**What you need to do:** An exact restatement of every record is required.

Stored entries
——

(* In the spectrum pricing game described in the context, let $(\psi_1,\ldots,\psi_n)$ be a symmetric Nash equilibrium. Then for every $i\in\{1,\ldots,n\}$, every point of the support of $\psi_i$ is a best response in state $i$. In particular, $L_i$ and $U_i$ are best responses in state $i$.
   Context: Spectrum pricing game. There are $l\ge 2$ primaries and $m$ secondaries, $1\le m<l$; there are $n$ channel states $1,\ldots,n$, plus state $0$ meaning "unavailable". Each primary owns one channel, which independently of the others is in state $i\in\{1,\ldots,n\}$ with probability $q_i>0$ and in state $0$ with probability $1-q$, where $q=\sum_{i=1}^n q_i\in(0,1)$. For each state $i\ge1$ there is a penalty function $g_i$, continuous and strictly increasing in the price, with inverse $f_i$, also continuous and strictly increasing. Quoting price $p$ for a channel in state $i$ means the channel offers penalty $g_i(p)$; equivalently, choosing penalty $x$ in state $i$ means charging price $f_i(x)$. Higher states are better: $g_i(p)>g_j(p)$ for all $p$ and $f_i(x)<f_j(x)$ for all $x$ whenever $i<j$. There is a transition cost $c>0$ and a maximum acceptable penalty $v$ with $g_1(c)<v$. We assume that all points used below lie in the common domain of the $f_i$, and that for all $j<k$ and all $x>y>g_j(c)$, $$\frac{f_j(y)-c}{f_k(y)-c}<\frac{f_j(x)-c}{f_k(x)-c}. \qquad (\ast)$$ Each primary knows only its own channel state. A primary whose channel is in state $j\ge1$ draws its penalty from a distribution function $\psi_j$, independently of everything else. A primary in state $0$ offers penalty $v+1$, which is equivalent to not offering its channel. If $Y$ channels are offered with penalty at most $v$, the $\min(Y,m)$ channels with the lowest penalties are sold, with ties broken uniformly at random. A primary selling at price $p$ earns $p-c$; otherwise it earns $0$. Strategies and equilibrium. A symmetric strategy profile is one in which every primary uses the same $(\psi_1,\ldots,\psi_n)$. Given such a profile, let $r(x)$ be the probability that a given primary's channel offered at penalty $x$ is sold, and set $\phi_j(x)=(f_j(x)-c)\,r(x)$, the expected profit of choosing penalty $x$ in state $j$. A symmetric Nash equilibrium (NE) is a symmetric profile in which no primary, in any state $j$, can increase its expected profit by unilaterally replacing $\psi_j$ with any other distribution. A penalty $x$ is a best response in state $j$ if $\phi_j(x)=\sup_{y\in\mathbb{R}}\phi_j(y)=:u_{j,\max}$. For a distribution function $\psi_i$, write $L_i=\inf\{x:\psi_i(x)>0\}$ and $U_i=\inf\{x:\psi_i(x)=1\}$. *)

theory Defs
  imports "HOL-Probability.Probability"
begin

——

**Written answer:**
(* In the spectrum pricing game described in the context, let $(\psi_1,\ldots,\psi_n)$ be a symmetric Nash equilibrium. Then for every $i\in\{1,\ldots,n\}$, every point of the support of $\psi_i$ is a best response in state $i$. In particular, $L_i$ and $U_i$ are best responses in state $i$.
   Context: Spectrum pricing game. There are $l\ge 2$ primaries and $m$ secondaries, $1\le m<l$; there are $n$ channel states $1,\ldots,n$, plus state $0$ meaning "unavailable". Each primary owns one channel, which independently of the others is in state $i\in\{1,\ldots,n\}$ with probability $q_i>0$ and in state $0$ with probability $1-q$, where $q=\sum_{i=1}^n q_i\in(0,1)$. For each state $i\ge1$ there is a penalty function $g_i$, continuous and strictly increasing in the price, with inverse $f_i$, also continuous and strictly increasing. Quoting price $p$ for a channel in state $i$ means the channel offers penalty $g_i(p)$; equivalently, choosing penalty $x$ in state $i$ means charging price $f_i(x)$. Higher states are better: $g_i(p)>g_j(p)$ for all $p$ and $f_i(x)<f_j(x)$ for all $x$ whenever $i<j$. There is a transition cost $c>0$ and a maximum acceptable penalty $v$ with $g_1(c)<v$. We assume that all points used below lie in the common domain of the $f_i$, and that for all $j<k$ and all $x>y>g_j(c)$, $$\frac{f_j(y)-c}{f_k(y)-c}<\frac{f_j(x)-c}{f_k(x)-c}. \qquad (\ast)$$ Each primary knows only its own channel state. A primary whose channel is in state $j\ge1$ draws its penalty from a distribution function $\psi_j$, independently of everything else. A primary in state $0$ offers penalty $v+1$, which is equivalent to not offering its channel. If $Y$ channels are offered with penalty at most $v$, the $\min(Y,m)$ channels with the lowest penalties are sold, with ties broken uniformly at random. A primary selling at price $p$ earns $p-c$; otherwise it earns $0$. Strategies and equilibrium. A symmetric strategy profile is one in which every primary uses the same $(\psi_1,\ldots,\psi_n)$. Given such a profile, let $r(x)$ be the probability that a given primary's channel offered at penalty $x$ is sold, and set $\phi_j(x)=(f_j(x)-c)\,r(x)$, the expected profit of choosing penalty $x$ in state $j$. A symmetric Nash equilibrium (NE) is a symmetric profile in which no primary, in any state $j$, can increase its expected profit by unilaterally replacing $\psi_j$ with any other distribution. A penalty $x$ is a best response in state $j$ if $\phi_j(x)=\sup_{y\in\mathbb{R}}\phi_j(y)=:u_{j,\max}$. For a distribution function $\psi_i$, write $L_i=\inf\{x:\psi_i(x)>0\}$ and $U_i=\inf\{x:\psi_i(x)=1\}$. *)

theory Defs
  imports "HOL-Probability.Probability"
begin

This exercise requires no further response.